Parallel surface defects, Hecke operators, and quantum Hitchin system

We examine two types of half-BPS surface defects $-$ regular monodromy surface defect and canonical surface defect $-$ in four-dimensional gauge theory with $\mathcal{N}=2$ supersymmetry and $\Omega_{\varepsilon_1,\varepsilon_2}$-background. Mathematically, we investigate integrals over the moduli spaces of parabolic framed sheaves over $\mathbb{P}^2$. Using analytic methods of $\mathcal{N}=2$ theories, we demonstrate that the former gives a twisted $\mathcal{D}$-module on $\text{Bun}_{G_{\mathbb{C}}}$ while the latter acts as a Hecke operator.
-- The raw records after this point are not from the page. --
definition connected_algebra :: "'a::ring_1 itself \<Rightarrow> bool" where
  "connected_algebra _ \<longleftrightarrow>
     (\<forall>c::'a. c * c = c \<and> (\<forall>x. c * x = x * c) \<longrightarrow> c = 0 \<or> c = 1)"

definition left_ideal :: "'a::ring_1 set \<Rightarrow> bool" where
  "left_ideal L \<longleftrightarrow> 0 \<in> L \<and> (\<forall>x\<in>L. \<forall>y\<in>L. x + y \<in> L) \<and> (\<forall>x\<in>L. - x \<in> L) \<and>
     (\<forall>a x. x \<in> L \<longrightarrow> a * x \<in> L)"

definition maximal_left_ideal :: "'a::ring_1 set \<Rightarrow> bool" where
  "maximal_left_ideal L \<longleftrightarrow> left_ideal L \<and> L \<noteq> UNIV \<and>
     (\<forall>L'. left_ideal L' \<and> L \<subseteq> L' \<longrightarrow> L' = L \<or> L' = UNIV)"

definition jacobson_radical :: "'a::ring_1 set" where
  "jacobson_radical = \<Inter> {L. maximal_left_ideal L}"

definition algebra_map_kQ :: "('e \<Rightarrow> 'v::finite) \<Rightarrow> ('e \<Rightarrow> 'v) \<Rightarrow> ('k::field \<Rightarrow> 'a::ring_1 \<Rightarrow> 'a) \<Rightarrow>
    ((('v,'e) path \<Rightarrow> 'k) \<Rightarrow> 'a) \<Rightarrow> bool" where
  "algebra_map_kQ src tgt sc \<nu> \<longleftrightarrow>
     (\<forall>a\<in>kQ src tgt. \<forall>b\<in>kQ src tgt. \<nu> (\<lambda>p. a p + b p) = \<nu> a + \<nu> b) \<and>
     (\<forall>c. \<forall>a\<in>kQ src tgt. \<nu> (\<lambda>p. c * a p) = sc c (\<nu> a)) \<and>
     (\<forall>a\<in>kQ src tgt. \<forall>b\<in>kQ src tgt. \<nu> (kQ_mult src tgt a b) = \<nu> a * \<nu> b) \<and>
     \<nu> kQ_one = 1"

text \<open>A presentation: surjective algebra map kQ -> A with admissible kernel; the idempotents
  e_i of A are identified with nu(e_i).\<close>
definition presentation :: "('e \<Rightarrow> 'v::finite) \<Rightarrow> ('e \<Rightarrow> 'v) \<Rightarrow> ('k::field \<Rightarrow> 'a::ring_1 \<Rightarrow> 'a) \<Rightarrow>
    ((('v,'e) path \<Rightarrow> 'k) \<Rightarrow> 'a) \<Rightarrow> bool" where
  "presentation src tgt sc \<nu> \<longleftrightarrow> algebra_map_kQ src tgt sc \<nu> \<and>
     \<nu> ` kQ src tgt = UNIV \<and>
     admissible_ideal src tgt {a \<in> kQ src tgt. \<nu> a = 0}"

definition ker :: "('e \<Rightarrow> 'v) \<Rightarrow> ('e \<Rightarrow> 'v) \<Rightarrow> ((('v,'e) path \<Rightarrow> 'k::field) \<Rightarrow> 'a::ring_1) \<Rightarrow>
    (('v,'e) path \<Rightarrow> 'k) set" where
  "ker src tgt \<nu> = {a \<in> kQ src tgt. \<nu> a = 0}"

definition idemp :: "((('v,'e) path \<Rightarrow> 'k::field) \<Rightarrow> 'a::ring_1) \<Rightarrow> 'v \<Rightarrow> 'a" where
  "idemp \<nu> x = \<nu> (pind (x, [], x))"

definition Der0 :: "('k::field \<Rightarrow> 'a::ring_1 \<Rightarrow> 'a) \<Rightarrow> ((('v,'e) path \<Rightarrow> 'k) \<Rightarrow> 'a) \<Rightarrow> ('a \<Rightarrow> 'a) set" where
  "Der0 sc \<nu> = {D. Vector_Spaces.linear sc sc D \<and> (\<forall>x y. D (x * y) = D x * y + x * D y) \<and>
                   (\<forall>i. D (idemp \<nu> i) = 0)}"

definition Int0 :: "('k::field \<Rightarrow> 'a::ring_1 \<Rightarrow> 'a) \<Rightarrow> ((('v,'e) path \<Rightarrow> 'k) \<Rightarrow> 'a) \<Rightarrow> ('a \<Rightarrow> 'a) set" where
  "Int0 sc \<nu> = {(\<lambda>a. e * a - a * e) | e. e \<in> module.span sc (range (idemp \<nu>))}"

text \<open>D represents theta_nu(f): D is the k-linear map with
  D(nu(u)) = f([gamma_y^{-1} u gamma_x]_I) nu(u) for every path u from x to y.  (In travel order,
  the closed walk gamma_y^{-1} u gamma_x is: gamma_x, then u, then gamma_y inverted.)\<close>
definition theta_rep :: "('e \<Rightarrow> 'v::finite) \<Rightarrow> ('e \<Rightarrow> 'v) \<Rightarrow> ('k::field \<Rightarrow> 'a::ring_1 \<Rightarrow> 'a) \<Rightarrow>
    ((('v,'e) path \<Rightarrow> 'k) \<Rightarrow> 'a) \<Rightarrow> ('v \<Rightarrow> ('v,'e) walk) \<Rightarrow> (('v,'e) walk set \<Rightarrow> 'k) \<Rightarrow>
    ('a \<Rightarrow> 'a) \<Rightarrow> bool" where
  "theta_rep src tgt sc \<nu> \<gamma> f D \<longleftrightarrow> Vector_Spaces.linear sc sc D \<and>
     (\<forall>u. is_path src tgt u \<longrightarrow>
        D (\<nu> (pind u)) =
          sc (f (htpy_class src tgt (ker src tgt \<nu>)
                   (wcat (wcat (\<gamma> (fst u)) (path_walk u)) (winv (\<gamma> (snd (snd u)))))))
             (\<nu> (pind u)))"

definition algebra_basis :: "('k::field \<Rightarrow> 'a::ring_1 \<Rightarrow> 'a) \<Rightarrow> ((('v,'e) path \<Rightarrow> 'k) \<Rightarrow> 'a) \<Rightarrow>
    'a set \<Rightarrow> bool" where
  "algebra_basis sc \<nu> B \<longleftrightarrow>
     \<not> module.dependent sc B \<and> module.span sc B = UNIV \<and>
     (\<forall>b\<in>B. \<exists>i j. b = idemp \<nu> j * b * idemp \<nu> i) \<and>
     range (idemp \<nu>) \<subseteq> B \<and>
     (\<forall>b\<in>B - range (idemp \<nu>). b \<in> jacobson_radical)"

definition diagonal_wrt :: "('k::field \<Rightarrow> 'a::ring_1 \<Rightarrow> 'a) \<Rightarrow> 'a set \<Rightarrow> ('a \<Rightarrow> 'a) \<Rightarrow> bool" where
  "diagonal_wrt sc B D \<longleftrightarrow> (\<forall>b\<in>B. \<exists>c. D b = sc c b)"

definition image_theta_diagonalizable :: "('e \<Rightarrow> 'v::finite) \<Rightarrow> ('e \<Rightarrow> 'v) \<Rightarrow>
    ('k::field \<Rightarrow> 'a::ring_1 \<Rightarrow> 'a) \<Rightarrow> ((('v,'e) path \<Rightarrow> 'k) \<Rightarrow> 'a) \<Rightarrow> 'v \<Rightarrow>
    ('v \<Rightarrow> ('v,'e) walk) \<Rightarrow> bool" where
  "image_theta_diagonalizable src tgt sc \<nu> x0 \<gamma> \<longleftrightarrow>
     (\<exists>B. algebra_basis sc \<nu> B \<and>
        (\<forall>f \<in> hom (pi1 src tgt (ker src tgt \<nu>) x0) (kplus :: 'k monoid).
           \<forall>D. theta_rep src tgt sc \<nu> \<gamma> f D \<longrightarrow>
             (\<exists>\<delta> \<in> Der0 sc \<nu>. diagonal_wrt sc B \<delta> \<and> (\<lambda>a. D a - \<delta> a) \<in> Int0 sc \<nu>)))"

end

(*
  The images in A of the paths of Q span A.  The representative of theta_nu(f) given by f acts
  on the image of a path u from x to y as multiplication by f [gamma_y^-1 u gamma_x]; since
  concatenating paths multiplies these loop classes in pi_1(Q,I) and f is a homomorphism, the
  scalars are additive, which makes this representative itself a derivation in Der_0(A).  It is
  diagonal in every basis made of path images, and such a basis exists that contains the e_i
  (independent because the kernel of nu is admissible) and otherwise consists of images of
  paths of positive length, which are radical since the arrow ideal is nilpotent modulo the
  kernel.
*)
theory Submission
  imports Defs
begin

lemma is_path_append:
  "is_path src tgt (x, as @ bs, y) \<longleftrightarrow> (\<exists>z. is_path src tgt (x, as, z) \<and> is_path src tgt (z, bs, y))"
  by (induction as arbitrary: x) auto

lemma is_walk_append:
  "is_walk src tgt (x, as @ bs, y) \<longleftrightarrow> (\<exists>z. is_walk src tgt (x, as, z) \<and> is_walk src tgt (z, bs, y))"
  by (induction as arbitrary: x) auto

lemma is_path_last: "is_path src tgt (x, as, y) \<Longrightarrow> as \<noteq> [] \<Longrightarrow> tgt (last as) = y"
proof (induction as arbitrary: x)
  case (Cons a as)
  then show ?case by (cases as) auto
qed simp

lemma is_walk_path_walk: "is_path src tgt u \<Longrightarrow> is_walk src tgt (path_walk u)"
proof -
  have "is_path src tgt (x, as, y) \<Longrightarrow> is_walk src tgt (x, map (\<lambda>a. (a, True)) as, y)" for x as y
    by (induction as arbitrary: x) (auto simp: step_src_def step_tgt_def)
  then show "is_path src tgt u \<Longrightarrow> is_walk src tgt (path_walk u)"
    by (cases u) (auto simp: path_walk_def)
qed

text \<open>Travel order, first u and then v: opposite to the product of kQ.\<close>
definition pcat :: "('v,'e) path \<Rightarrow> ('v,'e) path \<Rightarrow> ('v,'e) path" where
  "pcat u v = (fst u, fst (snd u) @ fst (snd v), snd (snd v))"

lemma is_path_pcat:
  "is_path src tgt u \<Longrightarrow> is_path src tgt v \<Longrightarrow> snd (snd u) = fst v \<Longrightarrow> is_path src tgt (pcat u v)"
  by (cases u; cases v) (auto simp: pcat_def is_path_append)

lemma path_len_pcat: "path_len (pcat u v) = path_len u + path_len v"
  by (simp add: pcat_def path_len_def)

lemma wstart_wcat [simp]: "wstart (wcat v w) = wstart v"
  by (simp add: wcat_def wstart_def)

lemma wend_wcat [simp]: "wend (wcat v w) = wend w"
  by (simp add: wcat_def wend_def)

lemma wstart_path_walk [simp]: "wstart (path_walk u) = fst u"
  by (simp add: path_walk_def wstart_def)

lemma wend_path_walk [simp]: "wend (path_walk u) = snd (snd u)"
  by (simp add: path_walk_def wend_def)

lemma wstart_winv [simp]: "wstart (winv w) = wend w"
  by (simp add: winv_def wstart_def wend_def)

lemma wend_winv [simp]: "wend (winv w) = wstart w"
  by (simp add: winv_def wstart_def wend_def)

lemma is_walk_wcat:
  "is_walk src tgt v \<Longrightarrow> is_walk src tgt w \<Longrightarrow> wend v = wstart w \<Longrightarrow> is_walk src tgt (wcat v w)"
  by (cases v; cases w) (auto simp: wcat_def wend_def wstart_def is_walk_append)

lemma is_walk_winv: "is_walk src tgt w \<Longrightarrow> is_walk src tgt (winv w)"
proof -
  have "is_walk src tgt (x, sts, y) \<Longrightarrow> is_walk src tgt (y, rev (map (\<lambda>(a, b). (a, \<not> b)) sts), x)"
    for x sts y
    by (induction sts arbitrary: x)
      (auto simp: is_walk_append step_src_def step_tgt_def split: prod.splits)
  then show "is_walk src tgt w \<Longrightarrow> is_walk src tgt (winv w)"
    by (cases w) (simp add: winv_def)
qed

lemma htpy_wcat_winv_self:
  assumes "is_walk src tgt w"
  shows "htpy src tgt I (wcat (winv w) w) (wend w, [], wend w)"
proof -
  have "is_walk src tgt (x, sts, y) \<Longrightarrow>
      htpy src tgt I (y, rev (map (\<lambda>(a, b). (a, \<not> b)) sts) @ sts, y) (y, [], y)" for x sts y
  proof (induction sts arbitrary: x)
    case Nil
    then show ?case by (auto intro: htpy_refl)
  next
    case (Cons st sts)
    obtain \<alpha> b where st: "st = (\<alpha>, b)" by (cases st)
    define m where "m = step_tgt src tgt st"
    define rw where "rw = (y, rev (map (\<lambda>(a, b). (a, \<not> b)) sts), m)"
    have sts: "is_walk src tgt (m, sts, y)" using Cons.prems by (simp add: m_def)
    have rw: "is_walk src tgt rw" "wend rw = m"
      using is_walk_winv[OF sts] by (simp_all add: rw_def winv_def wend_def)
    have "htpy src tgt I (m, [(\<alpha>, \<not> b), (\<alpha>, b)], m) (m, [], m)"
      by (cases b) (auto simp: st m_def step_tgt_def intro: htpy_cancel_tgt htpy_cancel_src)
    then have "htpy src tgt I (wcat rw (m, [(\<alpha>, \<not> b), (\<alpha>, b)], m)) (wcat rw (m, [], m))"
      using rw by (intro htpy_cat_left) (simp_all add: wstart_def)
    then have "htpy src tgt I (wcat (wcat rw (m, [(\<alpha>, \<not> b), (\<alpha>, b)], m)) (m, sts, y))
        (wcat (wcat rw (m, [], m)) (m, sts, y))"
      using sts by (intro htpy_cat_right) (simp_all add: wcat_def wstart_def wend_def)
    then have "htpy src tgt I (y, rev (map (\<lambda>(a, b). (a, \<not> b)) (st # sts)) @ st # sts, y)
        (y, rev (map (\<lambda>(a, b). (a, \<not> b)) sts) @ sts, y)"
      by (simp add: rw_def wcat_def st)
    then show ?case using Cons.IH[OF sts] by (rule htpy_trans)
  qed
  from this[of "wstart w" "fst (snd w)" "wend w"] assms show ?thesis
    by (cases w) (simp add: winv_def wcat_def wstart_def wend_def)
qed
In the limit $\varepsilon_2 \to 0$, the cluster decomposition implies the Hecke eigensheaf property for the regular monodromy surface defect. The eigenvalues are given by the opers associated to the canonical surface defect. We derive, in our $\mathcal{N}=2$ gauge theoretical framework, that the twisted $\mathcal{D}$-modules assigned to the opers in the geometric Langlands correspondence represent the spectral equations for quantum Hitchin integrable system. A duality to topologically twisted four-dimensional $\mathcal{N}=4$ theory is discussed, in which the two surface defects are mapped to Dirichlet boundary and 't Hooft line defect. This is consistent with earlier works on the $\mathcal{N}=4$ theory approach to the geometric Langlands correspondence.